Я шел по улицам родного города, по которым никогда раньше не ходил. Шел и вспоминал, как однажды пришел к отцу на корабль. Мне было двенадцать лет, и он попросил меня подежурить с ним в машинном отделении. Признаюсь, это было довольно скучно – следить за тем, чтобы на панели с измерительными устройствами и кнопками, напоминающими о старых игровых автоматах, ничего не срабатывало. Но в тот день все красные кнопки загорелись одновременно и от пронзительного сигнала тревоги машинное отделение завибрировало. Отец начал ругаться, пытаясь привести в порядок то, что вышло из строя.
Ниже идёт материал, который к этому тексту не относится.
(* For every $n\ge 3$, under the uniform model, $$E_U(\Phi_n)=\binom{n}{2}\left(\frac{1}{2n-3}\,{}_3F_2\!\left(\begin{matrix}2,\ 2,\ 2-n\\ 1,\ 4-2n\end{matrix};2\right)-\frac12\cdot\frac{(2n-2)!!}{(2n-3)!!}\right),$$ where ${}_3F_2(\cdots;2)=\sum_{k=0}^{n-2}\frac{(2)_k(2)_k(2-n)_k}{(1)_k(4-2n)_k}\frac{2^k}{k!}$ with $(a)_k=a(a+1)\cdots(a+k-1)$. Moreover $E_U(\Phi_n)\sim\frac{\sqrt{\pi}}{4}n^{5/2}$ as $n\to\infty$.
   Context: $\mathcal{BT}_n$ is the set of (isomorphism classes of) binary phylogenetic trees with leaves bijectively labeled by $\{1,\dots,n\}$ (rooted, every internal node with exactly two children); $|\mathcal{BT}_n|=(2n-3)!!$. For $T\in\mathcal{BT}_n$, $\Phi(T)=\sum_{1\le i<j\le n}\delta_T(LCA_T(i,j))$, where $\delta_T$ is depth (number of arcs from the root) and $LCA$ is lowest common ancestor. $\Phi_n$ is $\Phi(T)$ for random $T\in\mathcal{BT}_n$. The uniform model gives every tree in $\mathcal{BT}_n$ probability $1/(2n-3)!!$; $E_U$ is expectation under it. $m!!$ denotes the double factorial. *)

theory Defs
  imports "HOL-Analysis.Analysis" "HOL-Library.Landau_Symbols"
begin

text \<open>Ordered trees; an isomorphism class of (unordered) binary phylogenetic trees
  is represented by its unique canonical form, in which at every internal node
  the left subtree contains the smallest leaf label of the node.\<close>

datatype ltree = Leaf nat | Node ltree ltree

fun leaves :: "ltree \<Rightarrow> nat list" where
  "leaves (Leaf i) = [i]"
| "leaves (Node l r) = leaves l @ leaves r"

fun canonical :: "ltree \<Rightarrow> bool" where
  "canonical (Leaf i) = True"
| "canonical (Node l r) =
     (canonical l \<and> canonical r \<and> Min (set (leaves l)) < Min (set (leaves r)))"

definition BT :: "nat \<Rightarrow> ltree set" where
  "BT n = {t. distinct (leaves t) \<and> set (leaves t) = {1..n} \<and> canonical t}"

fun lca_depth :: "ltree \<Rightarrow> nat \<Rightarrow> nat \<Rightarrow> nat" where
  "lca_depth (Leaf k) i j = 0"
| "lca_depth (Node l r) i j =
     (if i \<in> set (leaves l) \<and> j \<in> set (leaves l) then Suc (lca_depth l i j)
      else if i \<in> set (leaves r) \<and> j \<in> set (leaves r) then Suc (lca_depth r i j)
      else 0)"

definition Phi :: "nat \<Rightarrow> ltree \<Rightarrow> real" where
  "Phi n t = (\<Sum>i\<in>{1..n}. \<Sum>j\<in>{i<..n}. real (lca_depth t i j))"

definition E_U_Phi :: "nat \<Rightarrow> real" where
  "E_U_Phi n = (\<Sum>t\<in>BT n. Phi n t) / real (card (BT n))"

fun dfact :: "nat \<Rightarrow> nat" where
  "dfact 0 = 1"
| "dfact (Suc 0) = 1"
| "dfact (Suc (Suc m)) = Suc (Suc m) * dfact m"

definition hyp3F2 :: "nat \<Rightarrow> real" where
  "hyp3F2 n = (\<Sum>k=0..n-2.
      (pochhammer 2 k * pochhammer 2 k * pochhammer (2 - real n) k)
      / (pochhammer 1 k * pochhammer (4 - 2 * real n) k) * 2 ^ k / fact k)"

end

theory Submission
  imports Defs "HOL-Real_Asymp.Real_Asymp"
begin

(* Trees on {1..n+1} are exactly the trees on {1..n} with the leaf n+1 grafted
   onto one of their 2n-1 arcs (the arc above the root included), each tree
   arising once.  Summing the recursive forms of the cophenetic and Sackin
   indices over all graftings gives linear recurrences for their totals over
   BT n, which are solved by double factorials; this yields the closed form
   E_U(Phi_n) = C(n,2) ((2n-2)!! / (2 (2n-3)!!) - 1).

   The terminating 3F2 is rewritten as a sum sum_k (k+1)^2 2^k C(2m-k,m) with
   n = m + 2; splitting (k+1)^2 = (k+1)(k+2) - (k+1), both pieces are evaluated
   in closed form by creative telescoping (explicit Zeilberger certificates).
   Expressing double factorials through the central binomial coefficient
   relates both sides and gives the first claim.  The asymptotics follow from
   C(2m,m) sqrt m / 4^m --> 1/sqrt pi, obtained from the asymptotics of the
   generalised binomial coefficient (-1/2 gchoose m). *)

abbreviation nleaves :: "ltree \<Rightarrow> nat" where
  "nleaves t \<equiv> length (leaves t)"

text \<open>For a tree whose leaf labels are distinct, the total cophenetic index
  \<open>\<Sum>\<^sub>i\<^sub><\<^sub>j depth(lca(i,j))\<close> satisfies the recursion below: every pair of
  leaves lying in the same root subtree gains one unit of depth.\<close>
fun cophenetic :: "ltree \<Rightarrow> real" where
  "cophenetic (Leaf i) = 0"
| "cophenetic (Node l r) = cophenetic l + cophenetic r
     + real (nleaves l) * (real (nleaves l) - 1) / 2 + real (nleaves r) * (real (nleaves r) - 1) / 2"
На лбу и верхней губе его выступил пот. И тут в машинное отделение, умирая со смеху, вошел кто-то из его товарищей. Это он специально отключил одно из устройств. «Я заметил, что отец взял тебя с собой, – сказал он, – и хотел, чтобы ты увидел, как он охренеет и начнет ругаться». «Что ж, спасибо тебе, придурок», – должно быть, подумал я.
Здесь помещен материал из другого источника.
(* Let $k\ge 3$, let $1\le i\le n-2$, and let $H_1,\dots,H_k$ be $i$-dimensional linear subspaces of $\mathbb{R}^n$. Set $d=i$ and $M_j=H_j$ for all $j$ if $2\le i\le n/2$, and set $d=n-i$ and $M_j=H_j^\perp$ for all $j$ if $n/2<i\le n-2$. Assume that: (i) there exist an orthonormal basis $e_1,\dots,e_n$ of $\mathbb{R}^n$ and numbers $0<\alpha_1<\cdots<\alpha_d<\pi/2$ such that $\pi,\alpha_1,\dots,\alpha_d$ are linearly independent over $\mathbb{Q}$ and $$M_1=\mathrm{lin}\{e_1,e_3,\dots,e_{2d-1}\},\quad M_2=\mathrm{lin}\{\cos\alpha_j\, e_{2j-1}+\sin\alpha_j\, e_{2j}: j=1,\dots,d\},$$ $$M_3=\mathrm{lin}\big(\{\cos\alpha_1\, e_1+\sin\alpha_1\, e_{2d}\}\cup\{\cos\alpha_j\, e_{2j-1}+\sin\alpha_j\, e_{2j-2}: j=2,\dots,d\}\big);$$ (ii) $M_1+\cdots+M_k=\mathbb{R}^n$; (iii) for each $j=3,\dots,k-1$, $M_{j+1}\cap(M_1+\cdots+M_j)^\perp=\{o\}$. If $E\subset S^{n-1}$ is nonempty, closed, and such that $R_{H_j}E=E$ for $j=1,\dots,k$, then $E=S^{n-1}$.
   Context: For a linear subspace $H$ of $\mathbb{R}^n$, $R_H$ is the reflection $x\mapsto 2(x|H)-x$, with $x|H$ the orthogonal projection onto $H$; $H^\perp$ is the orthogonal complement; $\mathrm{lin}$ denotes linear hull; $o$ is the origin; $S^{n-1}$ is the unit sphere. *)

theory Defs
  imports "HOL-Analysis.Analysis"
begin

definition orth_proj :: "'a::euclidean_space set \<Rightarrow> 'a \<Rightarrow> 'a" where
  "orth_proj H x = (THE y. y \<in> H \<and> x - y \<in> orthogonal_comp H)"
Когда я работал в спортивной газете, коллеги в редакции устраивали похожие злые розыгрыши, чтобы услышать, как я ругаюсь. «Ты такой же, как твой отец», – говорила мне жена, и я злился на нее.
Я шел и думал об этом, когда понял, что уже несколько минут хожу по одним и тем же улицам. Я заблудился посреди родного города и начал задаваться вопросом, не сделал ли это сознательно. У меня короткие ноги, но в тот день, делая шаг за шагом, я, казалось, не трогался с места. Я боялся – это правда, я хотел увидеть отца, но был в ужасе. Во время первого визита мы с ним не говорили ни о нашей отчужденности, ни о смерти – только об историях. Это все потому, что то был миг воссоединения, думал я, а на этот раз мы, без сомнения, затронем более глубокие темы.
Зайдя в палату, я увидел, что отцу явно хуже, чем в прошлый раз. Я думал, что привыкну к тому, что его сморщенная кожа напоминает персик с истекшим сроком годности, но к такому не привыкнешь. Я сжал челюсти и сел на очень жесткий стул, придвинув его к самому краю кровати. Я сел так близко, потому что глух на одно ухо и не хотел, чтобы отец напрягал голос. Помню, он рассказывал мне об убийце-каннибале из Советского Союза. Я подумал: какой, на хрен, сейчас смысл в таком разговоре, но не стал перебивать отца. В тот день я пообещал себе не искать скрытых мотивов в его историях, а просто позволить себе увлечься ими. Не зная, куда деть руки, я опустил их на кровать – и почувствовал, как отец приблизил свою руку к моей. Как два человека, которые нравятся друг другу, но не решаются в этом признаться, мы постепенно сближали руки и наконец сцепили их. Я слегка сжал руку отца, а он мою. Из-за коротких ног мне пришлось сидеть на самом краю стула, чтобы держать его руку, но я и не думал отпускать ее. И пока отец рассказывал об убийце-каннибале, металлическое сиденье впивалось мне в ягодицы. «Держись, – сказал я себе, – держись, только не отпускай его руку. Не отпускай».
Затем вошла медсестра, и отец убрал свою руку в сторону. «Фернандо, как дела?» – спросила медсестра, а потом посмотрела на меня, и я смутился, словно меня застали в месте, где я не должен был находиться. Как будто то, что мы с отцом долго не разговаривали друг с другом, лишило меня сыновних прав. Как будто я сирота, держащий за руку чужого отца. «Он мой отец, – хотел я крикнуть медсестре. – Он мой отец, а не ваш». Но я ничего не сказал.
– Как ваш стул? – спросила у него медсестра.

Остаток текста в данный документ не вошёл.